In this exercise, the data must be written out exactly.

━━━━━ DATASET CONTENT ━━━━━

text \<open>One unconditional instance for each pair of positions, so that the simplifier discards
  repeated indices by matching alone.\<close>

lemmas levi7_idx7_repeated =
  levi7_idx7_nondistinct[of i i, simplified] levi7_idx7_nondistinct[of i j i, simplified]
  levi7_idx7_nondistinct[of i j k i, simplified] levi7_idx7_nondistinct[of i j k a i, simplified]
  levi7_idx7_nondistinct[of i j k a b i, simplified]
  levi7_idx7_nondistinct[of i j k a b c i, simplified]
  levi7_idx7_nondistinct[of i j j, simplified] levi7_idx7_nondistinct[of i j k j, simplified]
  levi7_idx7_nondistinct[of i j k a j, simplified] levi7_idx7_nondistinct[of i j k a b j, simplified]
  levi7_idx7_nondistinct[of i j k a b c j, simplified]
  levi7_idx7_nondistinct[of i j k k, simplified] levi7_idx7_nondistinct[of i j k a k, simplified]
  levi7_idx7_nondistinct[of i j k a b k, simplified]
  levi7_idx7_nondistinct[of i j k a b c k, simplified]
  levi7_idx7_nondistinct[of i j k a a, simplified] levi7_idx7_nondistinct[of i j k a b a, simplified]
  levi7_idx7_nondistinct[of i j k a b c a, simplified]
  levi7_idx7_nondistinct[of i j k a b b, simplified]
  levi7_idx7_nondistinct[of i j k a b c b, simplified]
  levi7_idx7_nondistinct[of i j k a b c c, simplified]
  for i j k a b c d

lemma levi7_idx7_sort:
  "j < i \<Longrightarrow> levi7 (idx7 i j k a b c d) = - levi7 (idx7 j i k a b c d)"
  "k < j \<Longrightarrow> levi7 (idx7 i j k a b c d) = - levi7 (idx7 i k j a b c d)"
  "a < k \<Longrightarrow> levi7 (idx7 i j k a b c d) = - levi7 (idx7 i j a k b c d)"
  "b < a \<Longrightarrow> levi7 (idx7 i j k a b c d) = - levi7 (idx7 i j k b a c d)"
  "c < b \<Longrightarrow> levi7 (idx7 i j k a b c d) = - levi7 (idx7 i j k a c b d)"
  "d < c \<Longrightarrow> levi7 (idx7 i j k a b c d) = - levi7 (idx7 i j k a b d c)"
  subgoal by (rule levi7_transposed[where r = 0 and s = 1])
      (simp_all add: fun_eq_iff all_7 idx7_def Transposition.transpose_def)
  subgoal by (rule levi7_transposed[where r = 1 and s = 2])
      (simp_all add: fun_eq_iff all_7 idx7_def Transposition.transpose_def)
  subgoal by (rule levi7_transposed[where r = 2 and s = 3])
      (simp_all add: fun_eq_iff all_7 idx7_def Transposition.transpose_def)
  subgoal by (rule levi7_transposed[where r = 3 and s = 4])
      (simp_all add: fun_eq_iff all_7 idx7_def Transposition.transpose_def)
  subgoal by (rule levi7_transposed[where r = 4 and s = 5])
      (simp_all add: fun_eq_iff all_7 idx7_def Transposition.transpose_def)
  subgoal by (rule levi7_transposed[where r = 5 and s = 6])
      (simp_all add: fun_eq_iff all_7 idx7_def Transposition.transpose_def)
  done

━━━━━

▸ **PROBLEM SOLUTION**
text \<open>One unconditional instance for each pair of positions, so that the simplifier discards
  repeated indices by matching alone.\<close>

lemmas levi7_idx7_repeated =
  levi7_idx7_nondistinct[of i i, simplified] levi7_idx7_nondistinct[of i j i, simplified]
  levi7_idx7_nondistinct[of i j k i, simplified] levi7_idx7_nondistinct[of i j k a i, simplified]
  levi7_idx7_nondistinct[of i j k a b i, simplified]
  levi7_idx7_nondistinct[of i j k a b c i, simplified]
  levi7_idx7_nondistinct[of i j j, simplified] levi7_idx7_nondistinct[of i j k j, simplified]
  levi7_idx7_nondistinct[of i j k a j, simplified] levi7_idx7_nondistinct[of i j k a b j, simplified]
  levi7_idx7_nondistinct[of i j k a b c j, simplified]
  levi7_idx7_nondistinct[of i j k k, simplified] levi7_idx7_nondistinct[of i j k a k, simplified]
  levi7_idx7_nondistinct[of i j k a b k, simplified]
  levi7_idx7_nondistinct[of i j k a b c k, simplified]
  levi7_idx7_nondistinct[of i j k a a, simplified] levi7_idx7_nondistinct[of i j k a b a, simplified]
  levi7_idx7_nondistinct[of i j k a b c a, simplified]
  levi7_idx7_nondistinct[of i j k a b b, simplified]
  levi7_idx7_nondistinct[of i j k a b c b, simplified]
  levi7_idx7_nondistinct[of i j k a b c c, simplified]
  for i j k a b c d

lemma levi7_idx7_sort:
  "j < i \<Longrightarrow> levi7 (idx7 i j k a b c d) = - levi7 (idx7 j i k a b c d)"
  "k < j \<Longrightarrow> levi7 (idx7 i j k a b c d) = - levi7 (idx7 i k j a b c d)"
  "a < k \<Longrightarrow> levi7 (idx7 i j k a b c d) = - levi7 (idx7 i j a k b c d)"
  "b < a \<Longrightarrow> levi7 (idx7 i j k a b c d) = - levi7 (idx7 i j k b a c d)"
  "c < b \<Longrightarrow> levi7 (idx7 i j k a b c d) = - levi7 (idx7 i j k a c b d)"
  "d < c \<Longrightarrow> levi7 (idx7 i j k a b c d) = - levi7 (idx7 i j k a b d c)"
  subgoal by (rule levi7_transposed[where r = 0 and s = 1])
      (simp_all add: fun_eq_iff all_7 idx7_def Transposition.transpose_def)
  subgoal by (rule levi7_transposed[where r = 1 and s = 2])
      (simp_all add: fun_eq_iff all_7 idx7_def Transposition.transpose_def)
  subgoal by (rule levi7_transposed[where r = 2 and s = 3])
      (simp_all add: fun_eq_iff all_7 idx7_def Transposition.transpose_def)
  subgoal by (rule levi7_transposed[where r = 3 and s = 4])
      (simp_all add: fun_eq_iff all_7 idx7_def Transposition.transpose_def)
  subgoal by (rule levi7_transposed[where r = 4 and s = 5])
      (simp_all add: fun_eq_iff all_7 idx7_def Transposition.transpose_def)
  subgoal by (rule levi7_transposed[where r = 5 and s = 6])
      (simp_all add: fun_eq_iff all_7 idx7_def Transposition.transpose_def)
  done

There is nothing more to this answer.